# This notebook will explain how to open, interact with and plot data from a Sentinel 5 netCDF file

### Import the needed libraries

In [612]:
import netCDF4
import xarray as xr
import pandas as pd
import geopandas as gpd
import plotly.graph_objects as go
import plotly.express as px
import numpy as np

### Set a variable to store the path to the netCDF file you want to analyze

In [613]:
path = r"/Users/kevinboyle/Downloads/S5P_NRTI_L2__NO2____20200420T041948_20200420T042448_13049_01_010302_20200420T045750-2.nc"

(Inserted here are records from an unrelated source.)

lemma balanced_ex_cong_count_min:
  assumes b: "b \<ge> 2" and "balanced b a n"
  shows "\<exists>x. \<forall>e. cong_count b a n e x = n div b ^ e"
proof -
  note lower = balanced_cong_count_bounds(1)[OF _ assms(2)]
  have "\<exists>x. \<forall>e\<le>E. cong_count b a n e x = n div b ^ e" for E
  proof (induction E)
    case 0
    show ?case
      by simp
  next
    case (Suc E)
    then obtain x where x: "\<forall>e\<le>E. cong_count b a n e x = n div b ^ e"
      by blast
    define lift where "lift t = x + int t * int b ^ E" for t
    txt \<open>The counts of the \<open>b\<close> lifts add up to \<open>n div b ^ E\<close>, which is too small for all
      of them to exceed the lower bound \<open>n div b ^ Suc E\<close>.\<close>
    have "\<exists>t<b. cong_count b a n (Suc E) (lift t) = n div b ^ Suc E"
    proof (rule ccontr)
      assume "\<not> ?thesis"
      then have "n div b ^ Suc E + 1 \<le> cong_count b a n (Suc E) (lift t)" if "t < b" for t
        using lower[of "Suc E" "lift t"] b that by fastforce
      then have "b * (n div b ^ Suc E + 1) \<le> (\<Sum>t<b. cong_count b a n (Suc E) (lift t))"
        using sum_mono[of "{..<b}" "\<lambda>_. n div b ^ Suc E + 1"] by simp
      also have "\<dots> = n div b ^ E"
        using cong_count_split[of b a n E x] x b by (simp add: lift_def)
      finally have "b * ((n div b ^ E) div b + 1) \<le> n div b ^ E"
        by (metis div_mult2_eq power_Suc2)
      moreover have "n div b ^ E < b * ((n div b ^ E) div b + 1)"
        using dividend_less_times_div[of b "n div b ^ E"] b by simp
      ultimately show False
        by simp
    qed
    then obtain t where t: "cong_count b a n (Suc E) (lift t) = n div b ^ Suc E"
      by blast
    have "cong_count b a n e (lift t) = n div b ^ e" if "e \<le> E" for e
    proof -
      have "int b ^ e dvd lift t - x"
        using le_imp_power_dvd[OF that, of "int b"] by (simp add: lift_def)
      then show ?thesis
        using cong_count_cong x that by metis
    qed
    then show ?case
      using t le_Suc_eq by blast
  qed
  then obtain x where x: "\<forall>e\<le>n. cong_count b a n e x = n div b ^ e"
    by blast
  have "cong_count b a n e x = n div b ^ e" for e
  proof (cases "e \<le> n")
    case False
    show ?thesis
      by (rule cong_count_eq_div_above[OF b order_refl]) (use x False in auto)
  qed (use x in simp)
  then show ?thesis
    by blast
qed

text \<open>For \<open>b \<ge> 2\<close> the terms with \<open>i \<ge> n\<close> vanish, so this is \<open>\<Sum>i\<ge>1. n div b ^ i\<close>.\<close>

definition legendre_sum :: "nat \<Rightarrow> nat \<Rightarrow> nat" where
  "legendre_sum b n = (\<Sum>i<n. n div b ^ Suc i)"

lemma legendre_sum_eq_sum:
  assumes "b \<ge> 2" and "n \<le> N"
  shows "(\<Sum>i<N. n div b ^ Suc i) = legendre_sum b n"
  unfolding legendre_sum_def
proof (rule sum.mono_neutral_right)
  show "\<forall>i\<in>{..<N} - {..<n}. n div b ^ Suc i = 0"
  proof
    fix i
    assume "i \<in> {..<N} - {..<n}"
    then have "n < b ^ Suc i"
      using power_gt_expt[of b "Suc i"] assms(1) by simp
    then show "n div b ^ Suc i = 0"
      by simp
  qed
qed (use assms(2) in auto)

lemma legendre_sum_eq_0:
  assumes "n < b"
  shows "legendre_sum b n = 0"
proof -
  have "n < b ^ Suc i" for i
  proof -
    have "b ^ 1 \<le> b ^ Suc i"
      using assms by (intro power_increasing) auto
    then show ?thesis
      using assms by (metis order_less_le_trans power_one_right)
  qed
  then show ?thesis
    by (simp add: legendre_sum_def)
qed

lemma legendre_sum_div:
  assumes "b \<ge> 2"
  shows "legendre_sum b n = n div b + legendre_sum b (n div b)"
proof (cases n)
  case (Suc m)
  have "legendre_sum b n = n div b + (\<Sum>i<m. n div b ^ Suc (Suc i))"
    unfolding legendre_sum_def Suc by (simp only: sum.lessThan_Suc_shift) simp
  also have "(\<Sum>i<m. n div b ^ Suc (Suc i)) = (\<Sum>i<m. n div b div b ^ Suc i)"
    by (simp add: div_mult2_eq)
  also have "\<dots> = legendre_sum b (n div b)"
    using assms Suc by (intro legendre_sum_eq_sum) (simp_all add: less_Suc_eq_le[symmetric])
  finally show ?thesis .
qed (simp add: legendre_sum_def)

lemma ex_int_power_bound:
  assumes "b \<ge> 2" and "finite Z"
  shows "\<exists>M\<ge>N. \<forall>z\<in>Z. \<bar>z\<bar> < int b ^ M"
proof -
  define M where "M = N + nat (\<Sum>z\<in>Z. \<bar>z\<bar>)"
  have "\<bar>z\<bar> < int b ^ M" if "z \<in> Z" for z
  proof -
    have "\<bar>z\<bar> \<le> (\<Sum>z\<in>Z. \<bar>z\<bar>)"
      using that assms(2) by (intro member_le_sum) auto
    also have "\<dots> \<le> int M"
      by (simp add: M_def)
    also have "\<dots> < int b ^ M"
      using power_gt_expt[of b M] assms(1) by (simp flip: of_nat_power)
    finally show ?thesis .
  qed
  then show ?thesis
    by (metis M_def le_add1)
qed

### Load in the dataset and store it in a variable. the xarray dataset prints out a neatly formatted view of the data attributes

In [542]:
dataset = netCDF4.Dataset(path)

In [543]:
xarrayData = xr.open_dataset(path)

In [7]:
xarrayData

## The file is split in to two groups; product and metadata. The numerical data is all in the product group. The below figure is from the Sentinel User's Manual.
https://sentinel.esa.int/documents/247904/2474726/Sentinel-5P-Level-2-Product-User-Manual-Cloud

![image.png](attachment:image.png)

### netCDF4 is object-oriented. So to access the groups, use "dot-notation". The groups are structed as python dictionaries. To access a specific group, use square brackets and string literals as shown below.

In [544]:
dataset.groups.keys()

odict_keys(['PRODUCT', 'METADATA'])

In [175]:
metadata = dataset.groups['METADATA']

In [11]:
product = dataset.groups['PRODUCT']

In [139]:
product.variables.keys()

odict_keys(['scanline', 'ground_pixel', 'time', 'corner', 'polynomial_exponents', 'intensity_offset_polynomial_exponents', 'layer', 'vertices', 'latitude', 'longitude', 'delta_time', 'time_utc', 'qa_value', 'nitrogendioxide_tropospheric_column', 'nitrogendioxide_tropospheric_column_precision', 'nitrogendioxide_tropospheric_column_precision_kernel', 'averaging_kernel', 'air_mass_factor_troposphere', 'air_mass_factor_total', 'tm5_tropopause_layer_index', 'tm5_constant_a', 'tm5_constant_b'])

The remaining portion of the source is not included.